### TASK DETAILS:
Report each line from the listing that the string "longrightarrow" appears in.

### SUPPLIED RECORDS:

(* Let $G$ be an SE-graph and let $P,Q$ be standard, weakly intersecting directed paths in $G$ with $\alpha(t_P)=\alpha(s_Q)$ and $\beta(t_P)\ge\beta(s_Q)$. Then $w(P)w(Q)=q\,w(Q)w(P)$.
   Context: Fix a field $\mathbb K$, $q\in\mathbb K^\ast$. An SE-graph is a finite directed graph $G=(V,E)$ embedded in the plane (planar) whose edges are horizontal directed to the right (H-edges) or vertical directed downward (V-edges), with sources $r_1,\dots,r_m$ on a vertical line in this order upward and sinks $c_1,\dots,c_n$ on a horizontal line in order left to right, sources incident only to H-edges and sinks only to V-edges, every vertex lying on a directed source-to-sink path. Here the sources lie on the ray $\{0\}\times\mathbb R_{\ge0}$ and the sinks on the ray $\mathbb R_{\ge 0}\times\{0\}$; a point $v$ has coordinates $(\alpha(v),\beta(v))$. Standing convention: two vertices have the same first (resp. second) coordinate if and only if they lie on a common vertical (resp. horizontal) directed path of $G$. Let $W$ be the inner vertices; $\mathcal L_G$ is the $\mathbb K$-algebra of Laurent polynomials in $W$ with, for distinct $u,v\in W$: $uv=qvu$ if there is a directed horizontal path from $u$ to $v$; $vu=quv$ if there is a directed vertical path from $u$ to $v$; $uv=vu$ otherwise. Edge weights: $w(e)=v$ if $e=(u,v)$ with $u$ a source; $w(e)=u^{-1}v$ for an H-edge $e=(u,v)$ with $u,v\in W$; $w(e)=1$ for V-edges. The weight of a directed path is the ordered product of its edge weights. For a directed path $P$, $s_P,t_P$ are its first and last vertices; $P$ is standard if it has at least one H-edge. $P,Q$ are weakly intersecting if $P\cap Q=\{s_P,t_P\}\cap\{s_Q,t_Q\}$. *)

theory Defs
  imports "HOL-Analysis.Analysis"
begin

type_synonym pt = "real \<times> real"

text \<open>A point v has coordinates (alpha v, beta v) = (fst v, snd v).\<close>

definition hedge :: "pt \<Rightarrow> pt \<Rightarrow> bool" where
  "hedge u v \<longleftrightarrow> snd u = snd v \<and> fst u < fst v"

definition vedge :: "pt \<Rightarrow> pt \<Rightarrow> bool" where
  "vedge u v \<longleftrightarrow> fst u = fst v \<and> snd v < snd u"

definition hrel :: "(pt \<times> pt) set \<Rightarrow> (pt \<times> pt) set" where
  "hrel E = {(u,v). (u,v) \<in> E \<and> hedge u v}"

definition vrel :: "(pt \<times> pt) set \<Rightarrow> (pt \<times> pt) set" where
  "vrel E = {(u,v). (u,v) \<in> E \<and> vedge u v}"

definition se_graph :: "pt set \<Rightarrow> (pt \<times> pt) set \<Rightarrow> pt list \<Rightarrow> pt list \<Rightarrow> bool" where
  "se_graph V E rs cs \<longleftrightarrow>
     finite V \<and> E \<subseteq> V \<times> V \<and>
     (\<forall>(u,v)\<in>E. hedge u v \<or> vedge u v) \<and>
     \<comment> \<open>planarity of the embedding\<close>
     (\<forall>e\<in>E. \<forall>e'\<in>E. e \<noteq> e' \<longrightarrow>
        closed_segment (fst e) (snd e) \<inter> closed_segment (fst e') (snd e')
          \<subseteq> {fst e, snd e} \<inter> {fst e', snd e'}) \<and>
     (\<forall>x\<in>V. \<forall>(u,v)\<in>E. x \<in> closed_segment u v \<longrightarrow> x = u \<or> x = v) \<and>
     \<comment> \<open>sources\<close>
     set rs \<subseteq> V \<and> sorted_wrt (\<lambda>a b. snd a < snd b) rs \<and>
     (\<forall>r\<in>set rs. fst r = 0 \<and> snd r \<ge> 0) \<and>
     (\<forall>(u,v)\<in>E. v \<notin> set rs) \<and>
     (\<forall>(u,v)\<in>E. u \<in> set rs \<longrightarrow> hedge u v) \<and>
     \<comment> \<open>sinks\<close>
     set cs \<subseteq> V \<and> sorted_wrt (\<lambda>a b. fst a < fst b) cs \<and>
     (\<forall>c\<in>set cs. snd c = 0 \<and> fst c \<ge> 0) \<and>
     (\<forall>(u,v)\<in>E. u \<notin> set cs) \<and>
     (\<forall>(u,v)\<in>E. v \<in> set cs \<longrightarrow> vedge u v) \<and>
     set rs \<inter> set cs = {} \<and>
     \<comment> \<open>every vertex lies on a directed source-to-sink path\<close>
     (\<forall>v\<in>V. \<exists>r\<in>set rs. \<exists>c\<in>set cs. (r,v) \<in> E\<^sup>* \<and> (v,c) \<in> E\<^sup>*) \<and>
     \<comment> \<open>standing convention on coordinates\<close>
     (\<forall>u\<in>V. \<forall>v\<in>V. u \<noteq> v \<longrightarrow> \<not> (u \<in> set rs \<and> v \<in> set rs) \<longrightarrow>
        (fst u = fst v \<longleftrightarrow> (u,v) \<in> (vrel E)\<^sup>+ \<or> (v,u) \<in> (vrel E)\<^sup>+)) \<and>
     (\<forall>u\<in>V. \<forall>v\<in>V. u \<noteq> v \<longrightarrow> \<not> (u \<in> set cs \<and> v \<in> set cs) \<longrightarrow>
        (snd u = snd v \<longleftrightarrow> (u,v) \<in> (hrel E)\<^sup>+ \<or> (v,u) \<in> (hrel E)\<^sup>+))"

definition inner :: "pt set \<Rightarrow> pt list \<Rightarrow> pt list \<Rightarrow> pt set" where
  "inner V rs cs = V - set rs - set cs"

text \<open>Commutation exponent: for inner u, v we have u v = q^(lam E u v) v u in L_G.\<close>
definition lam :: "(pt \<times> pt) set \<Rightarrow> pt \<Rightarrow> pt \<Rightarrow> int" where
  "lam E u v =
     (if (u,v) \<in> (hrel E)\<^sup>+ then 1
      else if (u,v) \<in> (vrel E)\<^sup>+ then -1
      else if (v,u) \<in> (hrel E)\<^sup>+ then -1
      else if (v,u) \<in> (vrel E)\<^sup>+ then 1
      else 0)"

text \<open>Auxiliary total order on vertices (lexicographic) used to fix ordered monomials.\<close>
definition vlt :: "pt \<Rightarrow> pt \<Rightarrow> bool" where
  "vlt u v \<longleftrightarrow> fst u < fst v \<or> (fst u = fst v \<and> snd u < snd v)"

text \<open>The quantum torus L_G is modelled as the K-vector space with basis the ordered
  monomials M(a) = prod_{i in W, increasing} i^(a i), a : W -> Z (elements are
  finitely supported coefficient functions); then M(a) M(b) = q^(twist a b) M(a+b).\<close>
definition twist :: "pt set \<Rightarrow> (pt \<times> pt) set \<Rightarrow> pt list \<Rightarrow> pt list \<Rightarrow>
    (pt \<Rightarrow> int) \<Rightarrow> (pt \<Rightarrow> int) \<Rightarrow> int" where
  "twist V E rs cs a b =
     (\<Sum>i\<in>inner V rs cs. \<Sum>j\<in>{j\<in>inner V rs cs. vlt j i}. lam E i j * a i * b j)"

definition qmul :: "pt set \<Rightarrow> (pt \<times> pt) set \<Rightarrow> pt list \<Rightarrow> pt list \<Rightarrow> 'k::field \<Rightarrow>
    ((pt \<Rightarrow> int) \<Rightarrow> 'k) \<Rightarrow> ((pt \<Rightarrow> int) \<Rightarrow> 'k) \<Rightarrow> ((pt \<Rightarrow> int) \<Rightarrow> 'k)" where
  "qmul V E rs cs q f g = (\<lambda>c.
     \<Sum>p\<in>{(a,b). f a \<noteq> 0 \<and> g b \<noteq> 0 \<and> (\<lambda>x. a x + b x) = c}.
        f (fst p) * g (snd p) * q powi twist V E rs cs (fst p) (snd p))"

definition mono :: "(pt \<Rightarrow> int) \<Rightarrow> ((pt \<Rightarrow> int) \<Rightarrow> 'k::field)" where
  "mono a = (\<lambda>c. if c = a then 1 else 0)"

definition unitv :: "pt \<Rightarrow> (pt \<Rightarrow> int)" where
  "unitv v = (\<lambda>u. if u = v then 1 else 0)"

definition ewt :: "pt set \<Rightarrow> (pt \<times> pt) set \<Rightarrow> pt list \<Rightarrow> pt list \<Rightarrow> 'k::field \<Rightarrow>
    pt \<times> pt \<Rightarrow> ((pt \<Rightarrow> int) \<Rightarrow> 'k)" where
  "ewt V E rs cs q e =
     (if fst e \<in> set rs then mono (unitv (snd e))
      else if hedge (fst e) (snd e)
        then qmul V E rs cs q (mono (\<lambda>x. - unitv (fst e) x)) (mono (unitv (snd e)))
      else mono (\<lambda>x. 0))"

### EXERCISE RESPONSE:
     (\<forall>e\<in>E. \<forall>e'\<in>E. e \<noteq> e' \<longrightarrow>
     (\<forall>x\<in>V. \<forall>(u,v)\<in>E. x \<in> closed_segment u v \<longrightarrow> x = u \<or> x = v) \<and>
     (\<forall>(u,v)\<in>E. u \<in> set rs \<longrightarrow> hedge u v) \<and>
     (\<forall>(u,v)\<in>E. v \<in> set cs \<longrightarrow> vedge u v) \<and>
     (\<forall>u\<in>V. \<forall>v\<in>V. u \<noteq> v \<longrightarrow> \<not> (u \<in> set rs \<and> v \<in> set rs) \<longrightarrow>
     (\<forall>u\<in>V. \<forall>v\<in>V. u \<noteq> v \<longrightarrow> \<not> (u \<in> set cs \<and> v \<in> set cs) \<longrightarrow>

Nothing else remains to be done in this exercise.